Splunk Search

How to optimize the regular expression for our rex statement to extract Java errors from our sample data?

JDukeSplunk
Builder

So, we have a really nasty regex that runs against a customized version of a tomcat log. The rex finds certain strings within the _raw data and grabs the last bit of the error message. I am just looking for a more elegant solution, and one that will most likely not kill the search heads. If we find one that is good enough, we can get it out of inline and put it in a transforms/props.

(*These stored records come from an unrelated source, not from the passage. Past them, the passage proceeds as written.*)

(* Let $(W,S)$ be a Coxeter system of rank $n$, $(s_1,\dots,s_n)$ an ordering of $S$; let $F_n$ be free on $f_1,\dots,f_n$, $g=f_1\cdots f_n$, $R$ the set of conjugates of $f_1,\dots,f_n$, $\pi:F_n\to W$ the morphism $f_i\mapsto s_i$, and $H\le B_n$ the stabilizer of $(s_1,\dots,s_n)\in W^n$ under the Hurwitz action. Then for every $\beta\in H$ and every $\tilde a\in[1,g]_R$ we have $\pi(\beta\star\tilde a)=\pi(\tilde a)$.
   Context: A Coxeter system $(W,S)$: $W=\langle S\mid (ss')^{m(s,s')}=1\text{ whenever } m(s,s')\neq\infty\rangle$ with $m$ symmetric, $m(s,s)=1$, $m(s,s')\in\{2,3,\dots,\infty\}$ for $s\neq s'$. For a group $G$ with generating set $X$: $\ell_X(a)$ is the minimal $k$ with $a=x_1\cdots x_k$, $x_i\in X\cup X^{-1}$; $a\le_X b$ iff $\ell_X(a)+\ell_X(a^{-1}b)=\ell_X(b)$; $[1,b]_X=\{a:a\le_Xb\}$. The Hurwitz action of $B_n$ on $G^n$: $\sigma_i\cdot(g_1,\dots,g_n)=(g_1,\dots,g_{i-1},g_ig_{i+1}g_i^{-1},g_i,g_{i+2},\dots,g_n)$. The action $\star$ of $B_n$ on $F_n$ by automorphisms is determined by $\sigma_i\star f_i=f_{i+1}$, $\sigma_i\star f_{i+1}=f_{i+1}^{-1}f_if_{i+1}$, $\sigma_i\star f_j=f_j$ for $j\notin\{i,i+1\}$. *)

theory Defs
  imports Main "HOL-Library.Extended_Nat"
begin

text \<open>Words over the letters x_i^{+-1}; a letter (i, b) stands for x_i if b = False
  and for x_i^{-1} if b = True. Indices are 0-based: x_0, ..., x_(n-1).\<close>

type_synonym word = "(nat \<times> bool) list"

definition inv_word :: "word \<Rightarrow> word" where
  "inv_word w = rev (map (\<lambda>(i, b). (i, \<not> b)) w)"

definition word_on :: "nat \<Rightarrow> word \<Rightarrow> bool" where
  "word_on n w \<longleftrightarrow> (\<forall>x \<in> set w. fst x < n)"

inductive grp_eq :: "word set \<Rightarrow> word \<Rightarrow> word \<Rightarrow> bool" for Rel :: "word set" where
  refl: "grp_eq Rel u u"
| sym: "grp_eq Rel u v \<Longrightarrow> grp_eq Rel v u"
| trans: "grp_eq Rel u v \<Longrightarrow> grp_eq Rel v w \<Longrightarrow> grp_eq Rel u w"
| cancel: "grp_eq Rel (u @ [(i, b), (i, \<not> b)] @ v) (u @ v)"
| rel: "r \<in> Rel \<Longrightarrow> grp_eq Rel (u @ r @ v) (u @ v)"

abbreviation free_eq :: "word \<Rightarrow> word \<Rightarrow> bool" where
  "free_eq \<equiv> grp_eq {}"

definition coxeter_matrix :: "nat \<Rightarrow> (nat \<Rightarrow> nat \<Rightarrow> enat) \<Rightarrow> bool" where
  "coxeter_matrix n m \<longleftrightarrow>
     (\<forall>i<n. \<forall>j<n. m i j = m j i) \<and> (\<forall>i<n. m i i = 1) \<and>
     (\<forall>i<n. \<forall>j<n. i \<noteq> j \<longrightarrow> m i j \<ge> 2)"

definition cox_rels :: "nat \<Rightarrow> (nat \<Rightarrow> nat \<Rightarrow> enat) \<Rightarrow> word set" where
  "cox_rels n m = {concat (replicate k [(i, False), (j, False)]) | i j k.
      i < n \<and> j < n \<and> m i j = enat k}"

text \<open>Equality in the Coxeter group W (the word x_i read as s_i); also the map \<pi>:
  \<pi>(a) = \<pi>(b) iff cox_eq n m a b.\<close>
abbreviation cox_eq :: "nat \<Rightarrow> (nat \<Rightarrow> nat \<Rightarrow> enat) \<Rightarrow> word \<Rightarrow> word \<Rightarrow> bool" where
  "cox_eq n m \<equiv> grp_eq (cox_rels n m)"

text \<open>Reflection-type generating set R of F_n: conjugates of f_i and of f_i^{-1}
  (i.e. R \<union> R^{-1}).\<close>
definition refl_word :: "nat \<Rightarrow> word \<Rightarrow> bool" where
  "refl_word n r \<longleftrightarrow> (\<exists>u i b. word_on n u \<and> i < n \<and> r = u @ [(i, b)] @ inv_word u)"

 |rex field=_raw "(com.pega.apache.http.conn|java.sql|com.pega.pegarules.pub.clipboard|java.net|com.pega.pegarules.pub.services|com.pega.pegarules.pub.context|com.pega.pegarules.pub| com.pega.pegarules.pub.database|com.pega.pegarules.pub.generator|java.lang|com.sun.jersey.api.client).(?<type>\w+)(\s|:)"

The number of periods move each time, and sometimes end with a space, sometimes end with a :

Some examples of the source. Highlighted are the bits we are currently extracting.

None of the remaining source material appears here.